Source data
lemma free_pair_card:
  assumes K: "simplicial_complex K" and free: "free_pair K \<sigma> \<tau>"
  shows "card \<tau> = card \<sigma> + 1"
proof -
  have \<sigma>\<tau>: "\<sigma> \<subset> \<tau>" "\<tau> \<in> K" using free unfolding free_pair_def by blast+
  then obtain x where x: "x \<in> \<tau>" "x \<notin> \<sigma>" by blast
  have "insert x \<sigma> \<in> K"
    by (rule simplicial_complexD(4)[OF K \<sigma>\<tau>(2)]) (use \<sigma>\<tau>(1) x(1) in auto)
  then have "insert x \<sigma> = \<tau>"
    using free x(2) unfolding free_pair_def by blast
  moreover have "finite \<sigma>"
    using simplicial_complexD(2)[OF K \<sigma>\<tau>(2)] \<sigma>\<tau>(1) finite_subset by blast
  ultimately show ?thesis using x(2) by auto
qed

text \<open>The faces between \<open>\<rho>\<close> and a simplex \<open>\<nu>\<close> with two more vertices are
  \<open>\<rho>\<close> plus one of the two missing vertices.\<close>
lemma even_card_codim1_face_codim1_face:
  assumes K: "simplicial_complex K"
  shows "even (card {\<mu>. codim1_face K \<rho> \<mu> \<and> codim1_face K \<mu> \<nu>})"
proof (cases "\<rho> \<in> K \<and> \<nu> \<in> K \<and> \<rho> \<subseteq> \<nu> \<and> card \<nu> = card \<rho> + 2")
  case False
  then have no_faces: "{\<mu>. codim1_face K \<rho> \<mu> \<and> codim1_face K \<mu> \<nu>} = {}"
    unfolding codim1_face_def by force
  show ?thesis unfolding no_faces by simp
next
  case True
  then have fin: "finite \<nu>" "finite \<rho>"
    using simplicial_complexD(2)[OF K] finite_subset by blast+
  then have "card (\<nu> - \<rho>) = 2" using True by (simp add: card_Diff_subset)
  then obtain a b where ab: "\<nu> - \<rho> = {a, b}" "a \<noteq> b" by (meson card_2_iff)
  have "{\<mu>. codim1_face K \<rho> \<mu> \<and> codim1_face K \<mu> \<nu>} = {insert a \<rho>, insert b \<rho>}"
  proof (intro equalityI subsetI)
    fix \<mu> assume "\<mu> \<in> {\<mu>. codim1_face K \<rho> \<mu> \<and> codim1_face K \<mu> \<nu>}"
    then have \<mu>: "\<rho> \<subseteq> \<mu>" "\<mu> \<subseteq> \<nu>" "card \<mu> = card \<rho> + 1" unfolding codim1_face_def by auto
    then have "card (\<mu> - \<rho>) = 1" using fin finite_subset by (simp add: card_Diff_subset)
    then obtain c where c: "\<mu> - \<rho> = {c}" by (meson card_1_singletonE)
    then have "\<mu> = insert c \<rho>" "c \<in> {a, b}" using \<mu>(1,2) ab(1) by blast+
    then show "\<mu> \<in> {insert a \<rho>, insert b \<rho>}" by blast
  next
    fix \<mu> assume "\<mu> \<in> {insert a \<rho>, insert b \<rho>}"
    then obtain c where c: "\<mu> = insert c \<rho>" "c \<in> \<nu>" "c \<notin> \<rho>" using ab(1) by blast
    have "\<mu> \<subseteq> \<nu>" "\<mu> \<noteq> {}" using c(1,2) True by blast+
    then have "\<mu> \<in> K" using simplicial_complexD(4)[OF K] True by blast
    then show "\<mu> \<in> {\<mu>. codim1_face K \<rho> \<mu> \<and> codim1_face K \<mu> \<nu>}"
      using c True fin unfolding codim1_face_def by auto
  qed
  moreover have "insert a \<rho> \<noteq> insert b \<rho>" using ab by blast
  ultimately show ?thesis by simp
qed

locale morse_sequence =
  fixes K :: "'v set set" and W :: "'v set set list"
  assumes complex: "simplicial_complex K" and sequence: "morse_seq W K"
begin

definition added :: "nat \<Rightarrow> 'v set set" where
  "added i = W ! Suc i - W ! i"

definition birth :: "'v set \<Rightarrow> nat" where
  "birth a = (LEAST i. a \<in> W ! Suc i)"

definition matched :: "'v set \<Rightarrow> 'v set \<Rightarrow> bool" where
  "matched \<sigma> \<tau> \<longleftrightarrow> (\<exists>i. Suc i < length W \<and> \<sigma> \<subset> \<tau> \<and> added i = {\<sigma>, \<tau>})"

lemma W_first: "W ! 0 = {}" and W_last: "W ! (length W - 1) = K"
  using sequence unfolding morse_seq_def by (auto simp: last_conv_nth)

lemma step_cases:
  assumes "Suc i < length W"
  obtains (filling) \<nu> where "facet (W ! Suc i) \<nu>" "W ! i = W ! Suc i - {\<nu>}" "added i = {\<nu>}"
  | (expansion) \<sigma> \<tau> where "free_pair (W ! Suc i) \<sigma> \<tau>" "W ! i = W ! Suc i - {\<sigma>, \<tau>}"
      "added i = {\<sigma>, \<tau>}"
proof -
  have "elem_expansion (W ! Suc i) (W ! i) \<or> elem_filling (W ! Suc i) (W ! i)"
    using sequence assms unfolding morse_seq_def by blast
  then show ?thesis
  proof
    assume "elem_expansion (W ! Suc i) (W ! i)"
    then obtain \<sigma> \<tau> where "free_pair (W ! Suc i) \<sigma> \<tau>" "W ! i = W ! Suc i - {\<sigma>, \<tau>}"
      unfolding elem_expansion_def by (elim exE conjE)
    moreover from this have "added i = {\<sigma>, \<tau>}"
      unfolding added_def free_pair_def by blast
    ultimately show ?thesis by (rule expansion)
  next
    assume "elem_filling (W ! Suc i) (W ! i)"
    then obtain \<nu> where "facet (W ! Suc i) \<nu>" "W ! i = W ! Suc i - {\<nu>}"
      unfolding elem_filling_def by (elim exE conjE)
    moreover from this have "added i = {\<nu>}"
      unfolding added_def facet_def by blast
    ultimately show ?thesis by (rule filling)
  qed
qed

lemma W_step_mono: "Suc i < length W \<Longrightarrow> W ! i \<subseteq> W ! Suc i"
  by (cases rule: step_cases) auto

lemma W_mono: "i \<le> j \<Longrightarrow> j < length W \<Longrightarrow> W ! i \<subseteq> W ! j"
proof (induction j)
  case (Suc j)
  then show ?case using W_step_mono[of j] by (cases "i = Suc j") auto
qed simp

lemma W_subset: "i < length W \<Longrightarrow> W ! i \<subseteq> K"
  using W_mono[of i "length W - 1"] W_last by simp

lemma simplicial_complex_W:
  assumes "i < length W"
  shows "simplicial_complex (W ! i)"
proof (rule inc_induct[of i "length W - 1"])
  show "i \<le> length W - 1" using assms by simp
  show "simplicial_complex (W ! (length W - 1))" using W_last complex by simp
next
  fix n assume n: "n < length W - 1" and IH: "simplicial_complex (W ! Suc n)"
  from n have "Suc n < length W" by simp
  then show "simplicial_complex (W ! n)"
  proof (cases rule: step_cases)
    case (filling \<nu>)
    then show ?thesis using simplicial_complex_Diff_facet[OF IH] by simp
  next
    case (expansion \<sigma> \<tau>)
    then show ?thesis using simplicial_complex_Diff_free_pair[OF IH] by simp
  qed
qed

lemma added_subset: "Suc i < length W \<Longrightarrow> added i \<subseteq> K"
  unfolding added_def using W_subset by blast

lemma birth_less: "a \<in> K \<Longrightarrow> Suc (birth a) < length W"
  and added_birth: "a \<in> K \<Longrightarrow> a \<in> added (birth a)"
proof -
  assume "a \<in> K"
  then obtain m where m: "length W - 1 = Suc m" "a \<in> W ! Suc m"
    using W_first W_last by (metis empty_iff not0_implies_Suc)
  then have "birth a \<le> m" "a \<in> W ! Suc (birth a)"
    unfolding birth_def by (auto intro: Least_le LeastI)
  moreover have "a \<notin> W ! birth a"
  proof (cases "birth a")
    case (Suc j)
    then show ?thesis using not_less_Least[of j "\<lambda>i. a \<in> W ! Suc i"] by (simp add: birth_def)
  qed (simp add: W_first)
  ultimately show "Suc (birth a) < length W" "a \<in> added (birth a)"
    using m(1) by (auto simp: added_def)
qed

lemma birth_eqI:
  assumes "Suc i < length W" "a \<in> added i"
  shows "birth a = i"
proof (rule antisym)
  show "birth a \<le> i" using assms(2) unfolding birth_def added_def by (auto intro: Least_le)
  show "i \<le> birth a"
  proof (rule ccontr)
    assume "\<not> i \<le> birth a"
    then have "W ! Suc (birth a) \<subseteq> W ! i" using W_mono assms(1) by simp
    moreover have "a \<in> W ! Suc (birth a)"
      using assms(2) unfolding birth_def added_def by (auto intro: LeastI)
    ultimately show False using assms(2) by (auto simp: added_def)
  qed
qed

lemma added_unique:
  "Suc i < length W \<Longrightarrow> Suc j < length W \<Longrightarrow> a \<in> added i \<Longrightarrow> a \<in> added j \<Longrightarrow> i = j"
  using birth_eqI by metis

lemma added_pair_free:
  assumes "Suc i < length W" "added i = {\<sigma>, \<tau>}" "\<sigma> \<subset> \<tau>"
  shows "free_pair (W ! Suc i) \<sigma> \<tau>"
  using assms(1)
proof (cases rule: step_cases)
  case (filling \<nu>)
  then show ?thesis using assms(2,3) by auto
next
  case (expansion \<sigma>' \<tau>')
  then have "\<sigma>' \<subset> \<tau>'" unfolding free_pair_def by blast
  then have "\<sigma>' = \<sigma> \<and> \<tau>' = \<tau>"
    using expansion(3) assms(2,3) by (auto simp: doubleton_eq_iff)
  then show ?thesis using expansion(1) by simp
qed

lemma matched_card: "matched \<sigma> \<tau> \<Longrightarrow> card \<tau> = card \<sigma> + 1"
  unfolding matched_def
  using free_pair_card[OF simplicial_complex_W added_pair_free] by blast

lemma matched_birth: "matched \<sigma> \<tau> \<Longrightarrow> \<sigma> \<in> K \<and> \<tau> \<in> K \<and> birth \<sigma> = birth \<tau>"
  unfolding matched_def using birth_eqI added_subset by (metis insertCI subsetD)

lemma lower_regular_eq: "lower_regular W = {\<sigma>. \<exists>\<tau>. matched \<sigma> \<tau>}"
  unfolding lower_regular_def matched_def added_def by blast

lemma upper_regular_eq: "upper_regular W = {\<tau>. \<exists>\<sigma>. matched \<sigma> \<tau>}"
  unfolding upper_regular_def matched_def added_def by blast

lemma critical_added: "\<nu> \<in> critical W \<Longrightarrow> \<exists>i. Suc i < length W \<and> added i = {\<nu>}"
  unfolding critical_def added_def by blast

lemma critical_subset: "critical W \<subseteq> K"
  using critical_added added_subset by blast

lemma same_birth:
  assumes "x \<in> K" "y \<in> K" "birth x = birth y"
  shows "x = y \<or> matched x y \<or> matched y x"
  using birth_less[OF assms(1)]
proof (cases rule: step_cases)
  case (filling \<nu>)
  then show ?thesis using added_birth[OF assms(1)] added_birth[OF assms(2)] assms(3) by simp
next
  case (expansion \<sigma> \<tau>)
  then have "matched \<sigma> \<tau>"
    unfolding matched_def free_pair_def using birth_less[OF assms(1)] by blast
  then show ?thesis
    using expansion(3) added_birth[OF assms(1)] added_birth[OF assms(2)] assms(3) by auto
qed

lemma birth_mono:
  assumes "codim1_face K \<rho> \<nu>"
  shows "birth \<rho> \<le> birth \<nu>"
proof -
  have "\<nu> \<in> W ! Suc (birth \<nu>)" "\<rho> \<subseteq> \<nu>" "\<rho> \<noteq> {}"
    using assms added_birth simplicial_complexD(3)[OF complex]
    unfolding codim1_face_def added_def by auto
  then have "\<rho> \<in> W ! Suc (birth \<nu>)"
    using simplicial_complexD(4)[OF simplicial_complex_W[OF birth_less]] assms
    unfolding codim1_face_def by blast
  then show ?thesis unfolding birth_def by (simp add: Least_le)
qed

lemma matched_codim1_face: "matched \<sigma> \<tau> \<Longrightarrow> codim1_face K \<sigma> \<tau>"
proof -
  assume m: "matched \<sigma> \<tau>"
  then have "\<sigma> \<subseteq> \<tau>" unfolding matched_def by blast
  then show ?thesis using matched_birth[OF m] matched_card[OF m] unfolding codim1_face_def by simp
qed

lemma complex_eq_critical_regular: "K = critical W \<union> lower_regular W \<union> upper_regular W"
proof (intro equalityI subsetI)
  fix a assume a: "a \<in> K"
  from birth_less[OF a] show "a \<in> critical W \<union> lower_regular W \<union> upper_regular W"
  proof (cases rule: step_cases)
    case (filling \<nu>)
    then have "\<nu> \<in> critical W"
      using birth_less[OF a] unfolding critical_def elem_filling_def added_def by blast
    then show ?thesis using filling(3) added_birth[OF a] by simp
  next
    case (expansion \<sigma> \<tau>)
    then have "matched \<sigma> \<tau>"
      using birth_less[OF a] unfolding matched_def free_pair_def by blast
    then show ?thesis
      using expansion(3) added_birth[OF a] unfolding lower_regular_eq upper_regular_eq by auto
  qed
qed (use critical_subset matched_birth in \<open>auto simp: lower_regular_eq upper_regular_eq\<close>)

lemma critical_lower_regular_disjoint: "critical W \<inter> lower_regular W = {}"
proof (rule equals0I)
  fix a assume "a \<in> critical W \<inter> lower_regular W"
  then obtain i \<tau> where i: "Suc i < length W" "added i = {a}" and "matched a \<tau>"
    using critical_added unfolding lower_regular_eq by blast
  then obtain j where "Suc j < length W" "a \<subset> \<tau>" "added j = {a, \<tau>}"
    unfolding matched_def by blast
  with i show False using added_unique[of i j a] by auto
qed

lemma critical_upper_regular_disjoint: "critical W \<inter> upper_regular W = {}"
proof (rule equals0I)
  fix a assume "a \<in> critical W \<inter> upper_regular W"
  then obtain i \<sigma> where i: "Suc i < length W" "added i = {a}" and "matched \<sigma> a"
    using critical_added unfolding upper_regular_eq by blast
  then obtain j where "Suc j < length W" "\<sigma> \<subset> a" "added j = {\<sigma>, a}"
    unfolding matched_def by blast
  with i show False using added_unique[of i j a] by auto
qed
lemma PA_comp:
  assumes f: "f \<in> hom C A B" and g: "g \<in> hom C B D"
  shows "PA C (f \<cdot> g) = PA C f \<cdot> PA C g"
proof -
  have A: "A \<in> Obj C" and B: "B \<in> Obj C" and D: "D \<in> Obj C"
    using hom_objs f g by auto
  have fg: "f \<cdot> g \<in> hom C A D"
    by (rule comp_hom[OF f g])
  show ?thesis
  proof (rule PO_ext[OF PA_hom[OF fg] comp_hom[OF PA_hom[OF f] PA_hom[OF g]] D])
    show "PA C (f \<cdot> g) \<cdot> Pr0 C D D = PA C f \<cdot> PA C g \<cdot> Pr0 C D D"
      by (simp add: PA_pr0[OF fg] comp_assoc[OF PA_hom[OF f] PA_hom[OF g] pr0_PO_hom[OF D]]
          PA_pr0[OF g] flip: comp_assoc[OF PA_hom[OF f] pr0_PO_hom[OF B] g]
          comp_assoc[OF pr0_PO_hom[OF A] f g] PA_pr0[OF f])
    show "PA C (f \<cdot> g) \<cdot> Pr1 C D D = PA C f \<cdot> PA C g \<cdot> Pr1 C D D"
      by (simp add: PA_pr1[OF fg] comp_assoc[OF PA_hom[OF f] PA_hom[OF g] pr1_PO_hom[OF D]]
          PA_pr1[OF g] flip: comp_assoc[OF PA_hom[OF f] pr1_PO_hom[OF B] g]
          comp_assoc[OF pr1_PO_hom[OF A] f g] PA_pr1[OF f])
  qed
qed

lemma pa_hom: "f \<in> hom C A B \<Longrightarrow> pa n f \<in> hom C (po n A) (po n B)"
  by (induction n) (auto simp: PA_hom)

lemma pa_comp:
  assumes "f \<in> hom C A B" and "g \<in> hom C B D"
  shows "pa n (f \<cdot> g) = pa n f \<cdot> pa n g"
  by (induction n) (auto simp: PA_comp[OF pa_hom[OF assms(1)] pa_hom[OF assms(2)]])

lemma po_Suc_right: "po (Suc n) A = po n (PO C A)"
  by (simp add: funpow_Suc_right del: funpow.simps)

lemma pa_Suc_right: "pa (Suc n) f = pa n (PA C f)"
  by (simp add: funpow_Suc_right del: funpow.simps)

lemma po_add: "po (k + m) A = po k (po m A)"
  by (simp add: funpow_add)

lemma pa_add: "pa (k + m) f = pa k (pa m f)"
  by (simp add: funpow_add)

lemma idseq_hom: "A \<in> Obj C \<Longrightarrow> idseq C A n \<in> hom C (po n A) A"
  by (induction n) (auto simp: id_hom intro: comp_hom pr1_PO_hom po_obj)

lemma idseq_natural: "f \<in> hom C A B \<Longrightarrow> pa n f \<cdot> idseq C B n = idseq C A n \<cdot> f"
proof (induction n)
  case 0
  then show ?case
    using id_left id_right by simp
next
  case (Suc n)
  have A: "A \<in> Obj C" and B: "B \<in> Obj C"
    using hom_objs Suc.prems by auto
  have f: "pa n f \<in> hom C (po n A) (po n B)"
    by (rule pa_hom[OF Suc.prems])
  have "pa (Suc n) f \<cdot> idseq C B (Suc n) = (PA C (pa n f) \<cdot> Pr1 C (po n B) (po n B)) \<cdot> idseq C B n"
    using comp_assoc[OF PA_hom[OF f] pr1_PO_hom[OF po_obj[OF B]] idseq_hom[OF B]] by simp
  also have "\<dots> = Pr1 C (po n A) (po n A) \<cdot> (pa n f \<cdot> idseq C B n)"
    by (simp add: PA_pr1[OF f] comp_assoc[OF pr1_PO_hom[OF po_obj[OF A]] f idseq_hom[OF B]])
  also have "\<dots> = idseq C A (Suc n) \<cdot> f"
    using comp_assoc[OF pr1_PO_hom[OF po_obj[OF A]] idseq_hom[OF A] Suc.prems] Suc.IH[OF Suc.prems]
    by simp
  finally show ?case .
qed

▶ Action item: Begin at the line containing "by (rule pa_hom[OF Suc.prems])" and reproduce each line through the end of the records above.

▶ Solution for this exercise:
    by (rule pa_hom[OF Suc.prems])
  have "pa (Suc n) f \<cdot> idseq C B (Suc n) = (PA C (pa n f) \<cdot> Pr1 C (po n B) (po n B)) \<cdot> idseq C B n"
    using comp_assoc[OF PA_hom[OF f] pr1_PO_hom[OF po_obj[OF B]] idseq_hom[OF B]] by simp
  also have "\<dots> = Pr1 C (po n A) (po n A) \<cdot> (pa n f \<cdot> idseq C B n)"
    by (simp add: PA_pr1[OF f] comp_assoc[OF pr1_PO_hom[OF po_obj[OF A]] f idseq_hom[OF B]])
  also have "\<dots> = idseq C A (Suc n) \<cdot> f"
    using comp_assoc[OF pr1_PO_hom[OF po_obj[OF A]] idseq_hom[OF A] Suc.prems] Suc.IH[OF Suc.prems]
    by simp
  finally show ?case .
qed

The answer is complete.